Галиндес
Шрифт:
Галиндес называл себя простым человеком. Но слушая, как он расписывал свои подвиги во время войны, сопоставимые только с деяниями Сида Воителя или дона Пелайо, все невольно улыбались про себя. Конечно, он никогда ни словом не обмолвился о тех злодеяниях, что творил во время войны, в том числе и об одиннадцати казненных епископах.
Галиндес любил говорить о своей честности. Но всем было известно, что за небольшую сумму денег он был готов на мошенничество: опираясь на словари и помощь таких же, как он, неразборчивых в средствах преподавателей, он писал для нерадивых студентов дипломы и диссертации, а также рефераты, которые они потом должны были официально представлять факультетскому начальству.
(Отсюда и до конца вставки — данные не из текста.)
(* Let $\mathcal{S}$ be a semifilter. Then $\mathbb{Q}\times\mathcal{S}$ is homeomorphic to a semifilter.
   Context: $\mathbb{Q}$ denotes the space of rationals. A semifilter (on $\omega$) is a collection $\mathcal{S}\subseteq\mathcal{P}(\omega)$ such that $\varnothing\notin\mathcal{S}$, $\omega\in\mathcal{S}$, $\mathcal{S}$ is closed under finite modifications (if $x\in\mathcal{S}$ and $y\subseteq\omega$ with $(x\setminus y)\cup(y\setminus x)$ finite then $y\in\mathcal{S}$), and $\mathcal{S}$ is upward-closed. Subsets of $\mathcal{P}(\omega)$ are identified via characteristic functions with subspaces of $2^\omega$. *)

theory Defs
  imports "HOL-Analysis.Analysis"
begin

definition semifilter :: "nat set set \<Rightarrow> bool" where
  "semifilter S \<longleftrightarrow>
     {} \<notin> S \<and> UNIV \<in> S \<and>
     (\<forall>x y. x \<in> S \<and> finite ((x - y) \<union> (y - x)) \<longrightarrow> y \<in> S) \<and>
     (\<forall>x y. x \<in> S \<and> x \<subseteq> y \<longrightarrow> y \<in> S)"

definition char_fun :: "nat set \<Rightarrow> (nat \<Rightarrow> bool)" where
  "char_fun x = (\<lambda>n. n \<in> x)"

definition cantor_space :: "(nat \<Rightarrow> bool) topology" where
  "cantor_space = product_topology (\<lambda>_. discrete_topology (UNIV :: bool set)) UNIV"

end

theory Submission
  imports Defs
begin

text \<open>
By Cantor's back-and-forth argument, \<open>\<rat>\<close> is order-isomorphic to the countable set of
sequences that differ from \<open>1010\<dots>\<close> in finitely many places, ordered lexicographically.
On this set the lexicographic order topology coincides with the Cantor topology, so the
order isomorphism is a homeomorphism. Recording where a sequence agrees with \<open>1010\<dots>\<close>
carries this set homeomorphically onto the cofinite subsets of \<open>\<omega>\<close>. Finally, interleaving
a cofinite set on the even numbers with a member of \<open>\<S>\<close> on the odd numbers identifies
\<open>\<rat> \<times> \<S>\<close> with a semifilter, since both the cofinite sets and \<open>\<S>\<close> are semifilters.
\<close>

section \<open>Countable dense linear orders without endpoints\<close>

locale strict_linear_on =
  fixes A :: "'a set" and less :: "'a \<Rightarrow> 'a \<Rightarrow> bool" (infix "\<sqsubset>" 50)
  assumes irrefl: "x \<in> A \<Longrightarrow> \<not> x \<sqsubset> x"
    and trans: "\<lbrakk>x \<in> A; y \<in> A; z \<in> A; x \<sqsubset> y; y \<sqsubset> z\<rbrakk> \<Longrightarrow> x \<sqsubset> z"
    and total: "\<lbrakk>x \<in> A; y \<in> A; x \<noteq> y\<rbrakk> \<Longrightarrow> x \<sqsubset> y \<or> y \<sqsubset> x"
begin

lemma strict_linear_on_converse: "strict_linear_on A (\<lambda>x y. y \<sqsubset> x)"
proof
  show "\<lbrakk>x \<in> A; y \<in> A; z \<in> A; y \<sqsubset> x; z \<sqsubset> y\<rbrakk> \<Longrightarrow> z \<sqsubset> x" for x y z
    using trans[of z y x] by simp
qed (use irrefl total in auto)

lemma finite_has_greatest:
  assumes "finite X" "X \<noteq> {}" "X \<subseteq> A"
  shows "\<exists>m\<in>X. \<forall>x\<in>X - {m}. x \<sqsubset> m"
  using assms
proof (induction X rule: finite_ne_induct)
  case (insert y X)
  then obtain m where m: "m \<in> X" "\<forall>x\<in>X - {m}. x \<sqsubset> m" by auto
  show ?case
  proof (cases "m \<sqsubset> y")
    case True
    have "x \<sqsubset> y" if "x \<in> X - {y}" for x
    proof (cases "x = m")
      case False
      then show ?thesis using m that insert.prems True trans[of x m y] by auto
    qed (use True in simp)
    then have "\<forall>x\<in>insert y X - {y}. x \<sqsubset> y" by blast
    then show ?thesis by blast
  next
    case False
    have "m \<noteq> y" using m(1) insert.hyps by blast
    then have "y \<sqsubset> m" using False total[of m y] m(1) insert.prems by auto
    then show ?thesis using m by blast
  qed
qed simp

end

locale dense_unbounded_on = strict_linear_on +
  assumes dense: "\<lbrakk>x \<in> A; y \<in> A; x \<sqsubset> y\<rbrakk> \<Longrightarrow> \<exists>z\<in>A. x \<sqsubset> z \<and> z \<sqsubset> y"
    and no_least: "x \<in> A \<Longrightarrow> \<exists>y\<in>A. y \<sqsubset> x"
    and no_greatest: "x \<in> A \<Longrightarrow> \<exists>y\<in>A. x \<sqsubset> y"
begin

lemma dense_unbounded_on_converse: "dense_unbounded_on A (\<lambda>x y. y \<sqsubset> x)"
  by (intro dense_unbounded_on.intro strict_linear_on_converse dense_unbounded_on_axioms.intro)
     (use dense no_least no_greatest in fastforce)+

lemma exists_above:
  assumes "finite L" "L \<subseteq> A" "A \<noteq> {}"
  shows "\<exists>b\<in>A. \<forall>x\<in>L. x \<sqsubset> b"
proof (cases "L = {}")
  case False
  then obtain m where m: "m \<in> L" "\<forall>x\<in>L - {m}. x \<sqsubset> m"
    using finite_has_greatest assms by blast
  then obtain b where "b \<in> A" "m \<sqsubset> b" using no_greatest assms by blast
  then have "x \<sqsubset> b" if "x \<in> L" for x
    using m that assms trans[of x m b] by (cases "x = m") auto
  then show ?thesis using \<open>b \<in> A\<close> by blast
qed (use assms in blast)

lemma exists_between:
  assumes "finite L" "finite U" "L \<subseteq> A" "U \<subseteq> A" "A \<noteq> {}"
    and below: "\<forall>x\<in>L. \<forall>y\<in>U. x \<sqsubset> y"
  shows "\<exists>b\<in>A. (\<forall>x\<in>L. x \<sqsubset> b) \<and> (\<forall>y\<in>U. b \<sqsubset> y)"
proof -
  interpret dual: dense_unbounded_on A "\<lambda>x y. y \<sqsubset> x"
    by (rule dense_unbounded_on_converse)
  consider "L = {}" | "U = {}" | "L \<noteq> {}" "U \<noteq> {}" by blast
  then show ?thesis
  proof cases
    case 1
    then show ?thesis using dual.exists_above[OF assms(2,4,5)] by blast
  next
    case 2
    then show ?thesis using exists_above[OF assms(1,3,5)] by blast
  next
    case 3
    obtain m where m: "m \<in> L" "\<forall>x\<in>L - {m}. x \<sqsubset> m"
      using finite_has_greatest[OF assms(1) 3(1) assms(3)] by blast
    obtain u where u: "u \<in> U" "\<forall>y\<in>U - {u}. u \<sqsubset> y"
      using dual.finite_has_greatest[OF assms(2) 3(2) assms(4)] by blast
    obtain b where b: "b \<in> A" "m \<sqsubset> b" "b \<sqsubset> u"
      using dense[of m u] below m(1) u(1) assms(3,4) by blast
    have "x \<sqsubset> b" if "x \<in> L" for x
      using m b that assms trans[of x m b] by (cases "x = m") auto
    moreover have "b \<sqsubset> y" if "y \<in> U" for y
      using u b that assms trans[of b u y] by (cases "y = u") auto
    ultimately show ?thesis using b(1) by blast
  qed
qed

end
Галиндес любил говорить о своей вере, похваляться ею. Но никто никогда не видел его с молитвенником в руке, не видел входящим в церковь или шепчущим слова молитвы. Напротив, он не только повинен в чудовищных преступлениях против несчастных испанских священников во время войны, но уже на нашей земле совершил ряд преступлений, вырвав молодых людей из лона церкви и заразив их марксистской заразой. Католицизм Галиндеса – наглая ложь, к которой прибегают коммунисты, когда им надо повести за собой людей или занять руководящие посты в учреждениях, никакого отношения к политике не имеющих. Баски – убежденные католики. Мог ли человек, называвший себя «руководителем баскской иммиграции в Доминиканской Республике», не кричать одновременно о своем католицизме, безусловно, вымышленном? И могут ли эти святые чувства сосуществовать рядом с сатанинским учением коммунизма?
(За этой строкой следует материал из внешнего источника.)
lemma prod_ratio_partial_fractions:
  fixes x :: real
  assumes "\<forall>k\<in>{1..n}. x \<noteq> real k"
  shows "(\<Prod>k=1..n. (real k + x) / (real k - x)) = (-1)^n + (\<Sum>k=1..n. pf_coeff n k / (real k - x))"
  using assms
proof (induction n arbitrary: x)
  case 0
  then show ?case by simp
next
  case (Suc n)
  define N where "N = real (Suc n)"
  have xN: "x \<noteq> N" using Suc.prems N_def by (metis atLeastAtMost_iff le_refl Suc_le_mono le0 One_nat_def)
  have IHx: "(\<Prod>k=1..n. (real k + x) / (real k - x)) = (-1)^n + (\<Sum>k=1..n. pf_coeff n k / (real k - x))"
    using Suc.IH Suc.prems by auto
  have IHN: "(\<Prod>k=1..n. (real k + N) / (real k - N)) = (-1)^n + (\<Sum>k=1..n. pf_coeff n k / (real k - N))"
    using Suc.IH unfolding N_def by auto
  have split_terms: "(\<Sum>k=1..n. pf_coeff n k / (real k - x) * ((N + x) / (N - x)))
      = (\<Sum>k=1..n. pf_coeff (Suc n) k / (real k - x)) + 2 * N * (\<Sum>k=1..n. pf_coeff n k / (real k - N)) / (N - x)"
  proof -
    have "pf_coeff n k / (real k - x) * ((N + x) / (N - x)) =
        pf_coeff (Suc n) k / (real k - x) + 2 * N * (pf_coeff n k / (real k - N)) / (N - x)"
      if "k \<in> {1..n}" for k
    proof -
      have "real k \<noteq> N" "real k \<noteq> x" using that Suc.prems N_def by auto
      then show ?thesis
        using xN that partial_fraction_times_ratio[of N x "real k" "pf_coeff n k"]
        by (simp add: pf_coeff_Suc N_def)
    qed
    then show ?thesis
      by (simp add: sum.distrib sum_distrib_left sum_divide_distrib)
  qed
  have "(\<Prod>k=1..Suc n. (real k + x) / (real k - x)) = (\<Prod>k=1..n. (real k + x) / (real k - x)) * ((N + x) / (N - x))"
    by (simp add: N_def)
  also have "\<dots> = (-1)^n * ((N + x) / (N - x)) + (\<Sum>k=1..n. pf_coeff n k / (real k - x) * ((N + x) / (N - x)))"
    by (simp only: IHx distrib_right sum_distrib_right)
  also have "(-1)^n * ((N + x) / (N - x)) = (-1) ^ Suc n + 2 * N * (-1)^n / (N - x)"
    using xN by (simp add: field_simps)
  finally have "(\<Prod>k=1..Suc n. (real k + x) / (real k - x)) = (-1) ^ Suc n + (\<Sum>k=1..n. pf_coeff (Suc n) k / (real k - x))
     + 2 * N * ((-1)^n + (\<Sum>k=1..n. pf_coeff n k / (real k - N))) / (N - x)"
    unfolding split_terms by (simp add: distrib_left add_divide_distrib)
  \<comment> \<open>the induction hypothesis at the new pole x = n + 1 yields the new coefficient\<close>
  also have "2 * N * ((-1)^n + (\<Sum>k=1..n. pf_coeff n k / (real k - N))) / (N - x) = pf_coeff (Suc n) (Suc n) / (real (Suc n) - x)"
    by (simp only: pf_coeff_diag N_def[symmetric] IHN)
  finally show ?case by simp
qed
И, наконец, Галиндес во всеуслышание называл себя «либеральным демократом». Подумайте, коммунист! Этот человек, Хесус Галиндес или Хесус де Галиндес, отстаивавший самое жестокое и противоречивое учение планеты, называл себя простым и честным человеком, католиком и демократом. И вот, находясь среди нас, этот человек сумел посеять зловонные семена идеологии, противопоставленной простоте, честности, католицизму и демократии. В университете Санто-Доминго Галиндес выполнил коммунистические инструкции, полученные им в Париже. И выполнил их в точности.
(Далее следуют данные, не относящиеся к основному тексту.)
(* Let $J\subset\mathbb Z$ be a finite interval, $J'\subseteq J$ a subinterval and $n\ge1$. Let $\tilde\xi_n^{J'\subset J}$ be the unique polynomial of $\mathbb Q_p[x]$ of degree $<((p-1)|J'|+|J|)p^{n-1}$ such that $\tilde\xi_n^{J'\subset J}\equiv \xi_n^{(j)}/p\pmod{\omega_n^{(j)}}$ for $j\in J'$ and $\tilde\xi_n^{J'\subset J}\equiv 1\pmod{\omega_{n-1}^{(j)}}$ for $j\in J\setminus J'$. Then $$\tilde\xi_n^{J'\subset J}=(\ell_n^{J'}\bmod \omega_{n-1}^{J})^{-1}\,\ell_n^{J'},$$ $\tilde\xi_n^{J'\subset J}\equiv 0\pmod{\omega_n^{J'}/\omega_{n-1}^{J'}}$, $\tilde\xi_n^{J'\subset J}\equiv1\pmod{\omega_{n-1}^{J}}$, and $$p^{|J'|}\le\|\tilde\xi_n^{J'\subset J}\|_1\le p^{\,|J'|+\left\lfloor \frac{|J|-1}{p-1}+\max\left(0,\ \frac1{p-1}+\mathrm{ord}_p((|J|-1)!)-\mathrm{ord}_p(u^{p^{n-1}}-1)\right)\right\rfloor}.$$ In particular, for $n>\mathrm{ord}_p((|J|-1)!)-(\mathrm{ord}_p(u-1)-1)$ one has $p^{|J'|}\le\|\tilde\xi_n^{J'\subset J}\|_1\le p^{|J'|+\tilde\beta(|J|)}$, and if moreover $\tilde\beta(|J|)=0$ then $\tilde\xi_n^{J'\subset J}/\ell_n^{J'}$ is a unit of $\mathbb Z_p[[x]]$.
   Context: Let $p$ be an odd prime and $u\in1+p\mathbb Z_p$ with $u\ne1$. For a polynomial $f\in\mathbb Q_p[x]$, $\|f\|_1$ is the maximum of the $p$-adic absolute values of its coefficients. For $f\in\mathbb Q_p[[x]]$ and $j\in\mathbb Z$ put $f^{(j)}(x)=f(u^{-j}(1+x)-1)$. Let $\omega_n=(1+x)^{p^n}-1$ ($n\ge0$), $\xi_n=\omega_n/\omega_{n-1}$ ($n\ge1$), $\xi_0=px$. For a finite set $S\subset\mathbb Z$ of cardinality $|S|$, $\omega_n^{S}=\prod_{j\in S}\omega_n^{(j)}$ and $\ell_n^{S}=\prod_{j\in S}\xi_n^{(j)}/p$ (empty products equal $1$). For coprime polynomials $P,Q$, $(P\bmod Q)^{-1}$ is the unique polynomial $R$ of degree $<\deg Q$ with $RP\equiv1\pmod Q$. Put $\tilde\beta(s)=\lfloor (s-1)/(p-1)\rfloor$. *)

theory Defs
  imports "HOL-Computational_Algebra.Computational_Algebra"
begin

definition padic_ord_rat :: "nat \<Rightarrow> rat \<Rightarrow> int" where
  "padic_ord_rat p q = (case quotient_of q of (a, b) \<Rightarrow>
      int (multiplicity (int p) a) - int (multiplicity (int p) b))"

definition padic_abs_rat :: "nat \<Rightarrow> rat \<Rightarrow> real" where
  "padic_abs_rat p q = (if q = 0 then 0 else real p powi (- padic_ord_rat p q))"

text \<open>A field K (of characteristic 0) with an absolute value absv is (isometrically,
  uniquely) a copy of Q_p iff absv is a non-archimedean absolute value restricting to the
  p-adic absolute value on Q, Q is dense in K and K is complete.\<close>

definition is_Qp :: "nat \<Rightarrow> ('a::field_char_0 \<Rightarrow> real) \<Rightarrow> bool" where
  "is_Qp p absv \<longleftrightarrow>
     (\<forall>x. absv x \<ge> 0) \<and> (\<forall>x. absv x = 0 \<longleftrightarrow> x = 0) \<and>
     (\<forall>x y. absv (x * y) = absv x * absv y) \<and>
     (\<forall>x y. absv (x + y) \<le> max (absv x) (absv y)) \<and>
     (\<forall>q. absv (of_rat q) = padic_abs_rat p q) \<and>
     (\<forall>x e. e > 0 \<longrightarrow> (\<exists>q. absv (x - of_rat q) < e)) \<and>
     (\<forall>X::nat \<Rightarrow> 'a. (\<forall>e>0. \<exists>N. \<forall>m\<ge>N. \<forall>n\<ge>N. absv (X m - X n) < e) \<longrightarrow>
        (\<exists>L. \<forall>e>0. \<exists>N. \<forall>n\<ge>N. absv (X n - L) < e))"

definition ordv :: "nat \<Rightarrow> ('a \<Rightarrow> real) \<Rightarrow> 'a \<Rightarrow> real" where
  "ordv p absv x = - log (real p) (absv x)"

definition norm1 :: "('a::zero \<Rightarrow> real) \<Rightarrow> 'a poly \<Rightarrow> real" where
  "norm1 absv f = Max (insert 0 (absv ` set (coeffs f)))"

text \<open>f^(j)(x) = f(u^(-j)(1+x) - 1).\<close>
definition twist :: "'a::field \<Rightarrow> int \<Rightarrow> 'a poly \<Rightarrow> 'a poly" where
  "twist u j f = pcompose f [: u powi (- j) - 1, u powi (- j) :]"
Молодые студенты – Франсиско Альберто Энрикес Васкес Чито, Феликс Сервисно Дукудрай Мэнсфилд, Мария Эрминия Орнес Куаску (Марикуса), Рафаэль Мур Гарридо и другие – превратились в фанатиков коммунизма благодаря усилиям Галиндеса, который как «баск, простой, честный человек, католик и демократ» смешался, не вызвав ничьего подозрения, с достойными гражданами Республики, которые простодушно поверили ему.
Мы сказали, что никто никогда не видел Галиндеса входящим в церковь. Но доминиканские власти не единожды убеждались
Вместо любви и благодарности коммунист Хесус Галиндес испытывал ненависть к народу, который пытался направить его мысли и поступки в русло, предначертанное нашим великим лидером, генералиссимусом Трухильо, дабы построить мощный бастион на пути распространения коммунистического зла. Доминиканская Республика была необходима коммунистам, чтобы превратить Карибский регион в советское болото. Но Трухильо разбил их, и коммунисты ему этого не простят, как бы их ни звали, – Галиндес, Арсиньегас или Орнес Куаску.
Поэтому нам, доминиканцам, безразлично все, что сказали или могут сказать коммунисты своим лживым языком. Именно потому, что они – коммунисты».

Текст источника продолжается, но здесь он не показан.